= Bob Elix =

Australian football official

Bob Elix AM ASM is a former Australian rules footballer with Port Adelaide in the South Australian National Football League (SANFL), a long time official with the Northern Territory Football League (NTFL) and former longserving member of the Darwin City Council.

==Career==
Elix played on the half-back flank for Port Adelaide when they won the 1965 SANFL Grand Final against Sturt Football Club.

His career as a SANFL player ended when he broke his leg during the Anzac Day match.

In June 1969 Elix moved to Darwin, where he was appointed captain/coach of NTFL club Darwin for the 1970/71 season.

A knee injury forced his playing retirement, and Elix switched to coaching fellow NTFL club Waratah, taking them to premiers in 1976/77, with Queen Elizabeth II a spectator at the grand final.

Elix coached his third NTFL club, Nightcliff, from 1977 to 1981, also serving as club president in 1978/79. He was an umpire in the 1979/80 and 1980/81 seasons.

In 1979 he coached the Northern Territory, which competed in Division Two of the National Football Championship Carnival.

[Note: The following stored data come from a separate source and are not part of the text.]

lemma borel_measurable_det_gram:
  assumes "sets D = sets borel"
  shows "(\<lambda>xs. det (gram xs)) \<in> borel_measurable (iid D :: ('k::finite \<Rightarrow> real^'d::finite) measure)"
proof -
  have "(\<lambda>x::real^'d. x $ i) \<in> borel_measurable D" for i
    using measurable_cong_sets[OF assms refl]
      borel_measurable_continuous_onI[OF linear_continuous_on[OF bounded_linear_vec_nth]] by blast
  then have "(\<lambda>xs. xs l $ i) \<in> borel_measurable (iid D :: ('k \<Rightarrow> real^'d) measure)" for l i
    unfolding iid_def by (rule measurable_compose[OF measurable_component_singleton, rotated]) simp
  then show ?thesis
    unfolding det_def gram_def by (simp add: borel_measurable_sum borel_measurable_prod borel_measurable_times)
qed

lemma det_gram_ratio_near:
  fixes S :: "real^'d::finite^'d" and M :: "('k::finite \<Rightarrow> real^'d) measure"
  assumes "det S \<noteq> 0" and "0 < d"
  shows "\<exists>\<eta>>0. \<forall>e<\<eta>. \<forall>xs\<in>near_event M S e. \<bar>det (gram xs) / det S - 1\<bar> < d"
proof -
  obtain \<eta> where "\<eta> > 0" "\<forall>N. spec_norm (N - S) < \<eta> \<longrightarrow> \<bar>det N / det S - 1\<bar> < d"
    using det_ratio_near[OF assms] by blast
  then show ?thesis unfolding near_event_def by force
qed

lemma VS_normalizer_sign:
  fixes D :: "(real^'d::finite) measure" and S :: "real^'d^'d"
  assumes "sets D = sets borel" and "det S \<noteq> 0"
    and pos: "\<forall>e>0. measure (VS D :: ('k::finite \<Rightarrow> real^'d) measure) (near_event (VS D) S e) > 0"
  shows "0 < det S / VS_normalizer D TYPE('k)"
proof -
  define C where "C = VS_normalizer D TYPE('k)"
  obtain \<eta> where "\<eta> > 0"
    and near: "\<forall>e<\<eta>. \<forall>xs\<in>near_event (iid D :: ('k \<Rightarrow> real^'d) measure) S e.
      \<bar>det (gram xs) / det S - 1\<bar> < 1/2"
    using det_gram_ratio_near[OF assms(2), where d="1/2" and M="iid D :: ('k \<Rightarrow> real^'d) measure"]
    by auto
  have "measure (VS D :: ('k \<Rightarrow> real^'d) measure) (near_event (iid D) S (\<eta>/2)) > 0"
    using pos \<open>\<eta> > 0\<close> by (simp flip: near_event_VS)
  then have "measure (density (iid D) (\<lambda>xs::'k \<Rightarrow> real^'d. ennreal (det (gram xs) / C)))
      (near_event (iid D) S (\<eta>/2)) > 0"
    unfolding VS_eq_density C_def .
  moreover have "(\<lambda>xs. det (gram xs) / C) \<in> borel_measurable (iid D :: ('k \<Rightarrow> real^'d) measure)"
    using borel_measurable_det_gram[OF assms(1)] by (rule borel_measurable_divide) simp
  ultimately obtain xs :: "'k \<Rightarrow> real^'d" where xs: "xs \<in> near_event (iid D) S (\<eta>/2)"
    and "det (gram xs) / C > 0"
    using ex_pos_of_measure_density_pos by blast
  moreover have "det (gram xs) / det S > 0"
  proof -
    have "\<eta>/2 < \<eta>" using \<open>\<eta> > 0\<close> by simp
    then have "\<bar>det (gram xs) / det S - 1\<bar> < 1/2" using near xs by blast
    then show ?thesis by linarith
  qed
  moreover have "det S / C = (det (gram xs) / C) / (det (gram xs) / det S)"
    using calculation assms(2) by (auto simp: field_simps)
  ultimately show ?thesis unfolding C_def by (metis divide_pos_pos)
qed

lemma cond_prob_VS_iid_close:
  fixes D :: "(real^'d::finite) measure" and S :: "real^'d^'d"
    and A :: "('k::finite \<Rightarrow> real^'d) set"
  assumes "prob_space D" "sets D = sets borel" "A \<in> sets (iid D)" "det S \<noteq> 0"
    and "0 < det S / VS_normalizer D TYPE('k)" and "0 < \<epsilon>"
  shows "\<exists>\<eta>>0. \<forall>e. 0 < e \<and> e < \<eta> \<longrightarrow>
    \<bar>cond_prob (VS D) A (near_event (VS D) S e) - cond_prob (iid D) A (near_event (iid D) S e)\<bar> \<le> \<epsilon>"
proof -
  define C where "C = VS_normalizer D TYPE('k)"
  define p where "p = det S / C"
  have p_pos: "p > 0" using assms(5) by (simp add: p_def C_def)
  define d where "d = min (1/2) (\<epsilon>/4)"
  have d: "0 < d" "d \<le> 1/2" "4*d \<le> \<epsilon>" using \<open>0 < \<epsilon>\<close> by (auto simp: d_def)
  obtain \<eta> where "\<eta> > 0"
    and near: "\<forall>e<\<eta>. \<forall>xs\<in>near_event (iid D :: ('k \<Rightarrow> real^'d) measure) S e.
      \<bar>det (gram xs) / det S - 1\<bar> < d"
    using det_gram_ratio_near[OF assms(4) d(1), where M="iid D :: ('k \<Rightarrow> real^'d) measure"] by auto
  have P: "finite_measure (iid D :: ('k \<Rightarrow> real^'d) measure)"
    unfolding iid_def using assms(1) by (intro prob_space.axioms(1) prob_space_PiM) auto
  have dens: "(\<lambda>xs. det (gram xs) / C) \<in> borel_measurable (iid D :: ('k \<Rightarrow> real^'d) measure)"
    using borel_measurable_det_gram[OF assms(2)] by (rule borel_measurable_divide) simp
  have "\<bar>cond_prob (VS D) A (near_event (VS D) S e) - cond_prob (iid D) A (near_event (iid D) S e)\<bar> \<le> 4*d"
    if "e < \<eta>" for e
  proof -
    have "(1-d)*p \<le> det (gram xs) / C \<and> det (gram xs) / C \<le> (1+d)*p"
      if "xs \<in> near_event (iid D) S e" for xs :: "'k \<Rightarrow> real^'d"
    proof -
      define r where "r = det (gram xs) / det S"
      have "\<bar>r - 1\<bar> < d" using near that \<open>e < \<eta>\<close> unfolding r_def by blast
      then have "1-d \<le> r" "r \<le> 1+d" by linarith+
      then have "(1-d)*p \<le> r*p" "r*p \<le> (1+d)*p" using p_pos by (simp_all add: mult_right_mono)
      moreover have "det (gram xs) / C = r * p" using assms(4) by (simp add: r_def p_def)
      ultimately show ?thesis by simp
    qed
    from cond_prob_density_close[OF P dens assms(3) p_pos d(1,2) this]
    show ?thesis unfolding near_event_VS unfolding VS_eq_density C_def .
  qed
  then show ?thesis using \<open>\<eta> > 0\<close> d(3) by (intro exI[of _ \<eta>]) force
qed

theorem lemma3:
  fixes D :: "(real^'d::finite) measure"
    and S :: "real^'d^'d"
    and A :: "('k::finite \<Rightarrow> real^'d) set"
    and L :: real
  assumes "prob_space D"
    and "sets D = sets borel"
    and "integrable D (\<lambda>x. (norm x)\<^sup>2)"
    and "invertible (second_moment D)"
    and "CARD('k) \<ge> CARD('d)"
    and "pos_def S"
    and "A \<in> sets (iid D :: ('k \<Rightarrow> real^'d) measure)"
    and "\<forall>e>0. measure (iid D) (near_event (iid D) S e) > 0"
    and "\<forall>e>0. measure (VS D) (near_event (VS D) S e) > 0"
    and "((\<lambda>e. cond_prob (iid D) A (near_event (iid D) S e)) \<longlongrightarrow> L) (at_right 0)"
  shows "((\<lambda>e. cond_prob (VS D) A (near_event (VS D) S e)) \<longlongrightarrow> L) (at_right 0)"
proof (rule tendsto_at_right_of_close[OF _ assms(10)])
  have det_S: "det S \<noteq> 0" using assms(6) by (rule pos_def_det_nonzero)
  \<comment> \<open>The index type of VS D in the positivity hypothesis is not tied to 'k,
    so the sign is passed on through det (second_moment D).\<close>
  have "0 < det S / det (second_moment D)"
    using VS_normalizer_sign[OF assms(2) det_S assms(9)] by (simp add: zero_less_divide_VS_normalizer_iff)
  then have "0 < det S / VS_normalizer D TYPE('k)"
    using assms(5) by (simp add: zero_less_divide_VS_normalizer_iff)
  then show "\<exists>\<eta>>0. \<forall>e. 0 < e \<and> e < \<eta> \<longrightarrow> \<bar>cond_prob (VS D) A (near_event (VS D) S e)
      - cond_prob (iid D) A (near_event (iid D) S e)\<bar> \<le> \<epsilon>" if "0 < \<epsilon>" for \<epsilon>
    using cond_prob_VS_iid_close[OF assms(1,2,7) det_S _ that] by blast
qed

He returned to coach Nightcliff in 1980/81 and served as club president.

From 1990 to 1994 or 1996 he coached the Northern Territory University "Rats" Football Club, which competed in the Northern Territory Football Association (NTFA), after which he was elected president of the club.

Elix was elected to the NTFL Board in 1998 and chairman of the Australian Football League (AFLNT) from 2000 to 2013. He was chairman and heavily involved in the formation of the Northern Territory Football Club (NTFC), in 2008, which competed in the Queensland Australian Football League (QAFL).

During this time the NTFL grew in influence and financial position, to where it employed 34 full-time employees based around the Northern Territory. Much of this turnaround can be attributed to enlisting the aid of AFL CEO Wayne Jackson, largely credited to Elix.

==Recognition==
Elix was made a Member of the Order of Australia (AM) in the 2014 Queen's Birthday Honours and received an Australian Sports Medal in 2000.

He was awarded the 2009 Jack Titus Service Award, recognising his four decades of contribution to Australian rules football in the Northern Territory, was granted AFLNT Life Membership in 2010, and was a 2014 inductee to the AFL Hall of Fame.

==Other interests==
Elix served the Darwin City Council (DCC) as councillor for 31 years, a record term, retiring in December 2015. He was deputy mayor in 2016.

Elix was a contributor to Gods of Thunder, a history of the AFL in the Territory, by Jessica Webster, a former NT News journalist.